(Data provided Opens)

text \<open>
  With \<tau> x = x ^ q one has \<sigma> = \<tau> ^^ k for some k coprime to n. Hence \<sigma> ^^ n = id, so t ^ n
  is central in K[t;\<sigma>], and Fix \<sigma> = Fix \<tau>, whose q elements are the roots of X ^ q - X, a divisor
  of X ^ (q ^ n) - X.

  If \<sigma> a \<noteq> a, the \<sigma>-orbit of a has n elements because n is prime. Were t ^ n - a = g h with
  0 < deg h < n, the left ideal K[t;\<sigma>] h would contain t ^ n - a and hence, t ^ n being central, be
  closed under right multiplication by a. As u a - \<sigma>^i(a) u multiplies the j-th coefficient of u by
  \<sigma>^j(a) - \<sigma>^i(a), the coefficients of h can be removed one at a time down to a monomial c t^i,
  and then t^(n-i) c t^i \<equiv> \<sigma>^(n-i)(c) a modulo t ^ n - a puts a nonzero constant into an ideal whose
  nonzero elements have degree at least deg h.

  If \<sigma> a = a, then a = b \<sigma>(b) \<dots> \<sigma>^(n-1)(b) for some b, because the norm b \<mapsto> b ^ (1 + q + \<dots> + q^(n-1))
  maps K - {0} onto the (q - 1)-th roots of unity (count its fibres); then t ^ n - a has the right
  factor t - b.
\<close>

section \<open>Iterates of a periodic map\<close>

lemma Fix_funpow_coprime:
  assumes per: "f ^^ n = id" and "coprime k n"
  shows "Fix (f ^^ k) = Fix f"
proof (intro set_eqI iffI)
  fix x assume "x \<in> Fix (f ^^ k)"
  obtain u where "[k * u = 1] (mod n)"
    using cong_solve_coprime_nat[OF \<open>coprime k n\<close>] by auto
  then have ku: "k * u mod n = 1 mod n"
    by (simp add: cong_def)
  have "((f ^^ k) ^^ u) x = x"
    using \<open>x \<in> Fix (f ^^ k)\<close> by (induction u) (simp_all add: Fix_def funpow_swap1)
  then have "(f ^^ (k * u mod n)) x = x"
    by (simp add: funpow_mult mult.commute funpow_mod_eq per)
  then show "x \<in> Fix f"
    using per ku by (cases "n = 1") (simp_all add: Fix_def)
next
  fix x assume "x \<in> Fix f"
  then show "x \<in> Fix (f ^^ k)"
    by (induction k) (simp_all add: Fix_def)
qed

lemma inj_on_funpow_orbit_prime:
  assumes per: "f ^^ n = id" and "prime n" and "f a \<noteq> a"
  shows "inj_on (\<lambda>i. (f ^^ i) a) {..<n}"
proof -
  have False if "i < j" "j < n" and eq: "(f ^^ i) a = (f ^^ j) a" for i j
  proof -
    have "(f ^^ (j - i)) a = (f ^^ (j - i + n)) a"
      by (simp add: funpow_add per)
    also have "j - i + n = (n - i) + j"
      using that by simp
    also have "(f ^^ (n - i + j)) a = (f ^^ (n - i)) ((f ^^ i) a)"
      by (simp only: eq funpow_add comp_apply)
    also have "\<dots> = (f ^^ (n - i + i)) a"
      by (simp only: funpow_add comp_apply)
    finally have "a \<in> Fix (f ^^ (j - i))"
      using that by (simp add: per Fix_def)
    moreover have "coprime n (j - i)"
      using that \<open>prime n\<close> by (intro prime_imp_coprime) (auto dest: dvd_imp_le)
    ultimately have "a \<in> Fix f"
      using Fix_funpow_coprime[OF per, of "j - i"] by (simp add: coprime_commute)
    with \<open>f a \<noteq> a\<close> show False
      by (simp add: Fix_def)
  qed
  then show ?thesis
    by (intro inj_onI) (metis lessThan_iff linorder_neqE_nat)
qed

lemma prod_funpow_coprime_reindex:
  fixes x :: "'a::comm_monoid_mult"
  assumes per: "f ^^ n = id" and "coprime k n"
  shows "(\<Prod>i<n. ((f ^^ k) ^^ i) x) = (\<Prod>i<n. (f ^^ i) x)"
proof -
  obtain u where u: "[k * u = 1] (mod n)"
    using cong_solve_coprime_nat[OF \<open>coprime k n\<close>] by auto
  have "(\<Prod>i<n. ((f ^^ k) ^^ i) x) = (\<Prod>i<n. (f ^^ (k * i mod n)) x)"
    by (simp add: funpow_mult mult.commute funpow_mod_eq per)
  also have "\<dots> = (\<Prod>i<n. (f ^^ i) x)"
  proof (rule prod.reindex_bij_witness[where i = "\<lambda>j. u * j mod n" and j = "\<lambda>i. k * i mod n"])
    fix j assume "j \<in> {..<n}"
    have "[k * (u * j mod n) = (k * u) * j] (mod n)"
      by (simp add: cong_def mod_mult_right_eq mult.assoc)
    also have "[(k * u) * j = 1 * j] (mod n)"
      using u by (rule cong_mult) simp
    finally show "k * (u * j mod n) mod n = j"
      using \<open>j \<in> {..<n}\<close> by (simp add: cong_def)
  next
    fix i assume "i \<in> {..<n}"
    have "[u * (k * i mod n) = (k * u) * i] (mod n)"
      by (simp add: cong_def mod_mult_right_eq mult.assoc mult.left_commute)
    also have "[(k * u) * i = 1 * i] (mod n)"
      using u by (rule cong_mult) simp
    finally show "u * (k * i mod n) mod n = i"
      using \<open>i \<in> {..<n}\<close> by (simp add: cong_def)
  qed auto
  finally show ?thesis .
qed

(Data provided Closes)

If a line in the records contains the word "because", copy it.

  If \<sigma> a \<noteq> a, the \<sigma>-orbit of a has n elements because n is prime. Were t ^ n - a = g h with
  If \<sigma> a = a, then a = b \<sigma>(b) \<dots> \<sigma>^(n-1)(b) for some b, because the norm b \<mapsto> b ^ (1 + q + \<dots> + q^(n-1))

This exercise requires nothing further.